O carro de Li Hongfa parou na sede da prefeitura. Após descerem, Xu Ran, que pretendia se despedir, foi retido pelo tio Li.
O motivo era simples: Xu Ran era um alvo prioritário do Estado, e seu desaparecimento durante um ano levantava suspeitas de possível espionagem para outro país.
Em suma, Xu Ran estava em regime de vigilância domiciliar. Ele não tinha escolha; Li Hongfa era do Departamento de Segurança Nacional e tinha motivos para mantê-lo por perto.
Xu Ran sentiu-se impotente, afinal, era apenas um cidadão comum.
Junto de Li Hongfa e Fang Wei, ele foi conduzido à sala de reuniões da equipe especial.
Nos últimos dias, a pressão sobre o grupo aumentara muito, com casos se acumulando e tornando o trabalho impossível de acompanhar.

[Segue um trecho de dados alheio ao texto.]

lemma steepest_descent_MSD_step:
  assumes fin: "\<bar>f x\<bar> \<noteq> \<infinity>" and noninf: "\<forall>y. f y \<noteq> -\<infinity>"
    and min: "\<forall>p q. dirder f x s t \<le> dirder f x p q" and nonzero: "dirder f x s t \<noteq> 0"
  shows "steepest_descent f x s t"
proof -
  have dirder_move: "dirder f x p q = f (move x p q) - f x" for p q
    by (simp add: dirder_def move_def)
  have "dirder f x s t < 0"
    using min[rule_format, of s s] nonzero fin by (simp add: dirder_move order_less_le)
  moreover have "f (move x s t) \<le> f (move x p q)" for p q
    using min[rule_format, of p q] fin noninf
    by (cases "f x"; cases "f (move x s t)"; cases "f (move x p q)") (auto simp: dirder_move)
  ultimately show ?thesis
    using fin noninf[rule_format, of "move x s t"]
    by (cases "f x"; cases "f (move x s t)") (auto simp: steepest_descent_def dirder_move)
qed

lemma up_stable_after_steepest_descent:
  assumes "steepest_descent f x s t"
  shows "up_stable f (move x s t) t"
  using assms by (simp add: steepest_descent_def up_stable_def move_move_cancel_left)

lemma down_stable_after_steepest_descent:
  assumes "steepest_descent f x s t"
  shows "down_stable f (move x s t) s"
  using assms by (simp add: steepest_descent_def down_stable_def move_move_cancel_right)

lemma ereal_le_of_add_le_add:
  fixes a b c d :: ereal
  assumes "c + d \<le> a + b" "\<bar>b\<bar> \<noteq> \<infinity>" "b \<le> d"
  shows "c \<le> a"
  using assms by (cases a; cases b; cases c; cases d) auto
theorem mainTheorem7:
  fixes h a b c d :: int
  assumes "h \<ge> 2"
    and "a \<in> {1..h-1}" and "b \<in> {1..h-1}" and "c \<in> {1..h-1}" and "d \<in> {1..h-1}"
  shows "ls_square (quadQ h a b c d) = of_int h
    \<and> (minimal_polygon (quadQ h a b c d) \<longleftrightarrow> condA h a b c d \<or> condB h a b c d)
    \<and> \<not> (condA h a b c d \<and> condB h a b c d)
    \<and> (condA h a b c d \<or> condB h a b c d \<longrightarrow>
        (\<exists>a' b' c' d'. a' \<in> {1..h-1} \<and> b' \<in> {1..h-1} \<and> c' \<in> {1..h-1} \<and> d' \<in> {1..h-1} \<and>
           lattice_equivalent (quadQ h a b c d) (quadQ h a' b' c' d') \<and>
           (condA h a b c d \<longrightarrow> condB h a' b' c' d') \<and>
           (condB h a b c d \<longrightarrow> condA h a' b' c' d')))"
proof -
  note params = assms(2-5)
  have "minimal_polygon (quadQ h a b c d) \<longleftrightarrow> condA h a b c d \<or> condB h a b c d"
    using minimal_polygon_quadQ[OF params] not_minimal_polygon_quadQ[OF params] by blast
  moreover have "\<exists>a' b' c' d'. a' \<in> {1..h-1} \<and> b' \<in> {1..h-1} \<and> c' \<in> {1..h-1} \<and> d' \<in> {1..h-1} \<and>
      lattice_equivalent (quadQ h a b c d) (quadQ h a' b' c' d') \<and>
      (condA h a b c d \<longrightarrow> condB h a' b' c' d') \<and> (condB h a b c d \<longrightarrow> condA h a' b' c' d')"
    using params lattice_equivalent_quadQ_reflect[of h a b c d] condA_reflect[of h a b c d]
      condB_reflect[of h a b c d]
    by (intro exI[of _ "h - d"] exI[of _ "h - b"] exI[of _ "h - c"] exI[of _ "h - a"]) auto
  ultimately show ?thesis
    using ls_square_quadQ[OF params] not_condA_and_condB by blast
qed

end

Gu Jie, Tong Yan, Lu Fei, Da He, Xiao Ma, Xue Yang e Xiao Liu estavam todos reunidos discutindo a morte de Ma Dongqiang.
De repente, ouviram batidas na porta e expressaram surpresa.
Será que ninguém avisou que a equipe especial estava em reunião?
— Toc, toc, toc!
Após três batidas, a porta foi aberta.
Três figuras entraram na sala, chamando a atenção de todos.
Chen Hongmin foi o primeiro a reagir. Como já conhecia Li Hongfa, reconheceu imediatamente sua identidade.
— Que visita inesperada! Hongfa, por que não avisou que viria?
Várias pessoas olharam para Li Hongfa, mas uma delas, Gu Jie, fez uma exceção. Ela olhou para Xu Ran com uma mistura de incredulidade, sem conseguir acreditar que aquele esquelético homem diante dela fosse o mesmo que conhecera.
— Quem é você? — Gu Jie se aproximou, com os olhos arregalados de descrença. Parecia que três dias de separação os transformaram, e a visão daquele homem magro a deixava incerta.
Xu Ran sorriu levemente, olhando para aquela bela mulher ao seu lado. Ele pensou que ela era uma verdadeira joia rara no mundo. Após um ano, sua beleza permanecia intacta.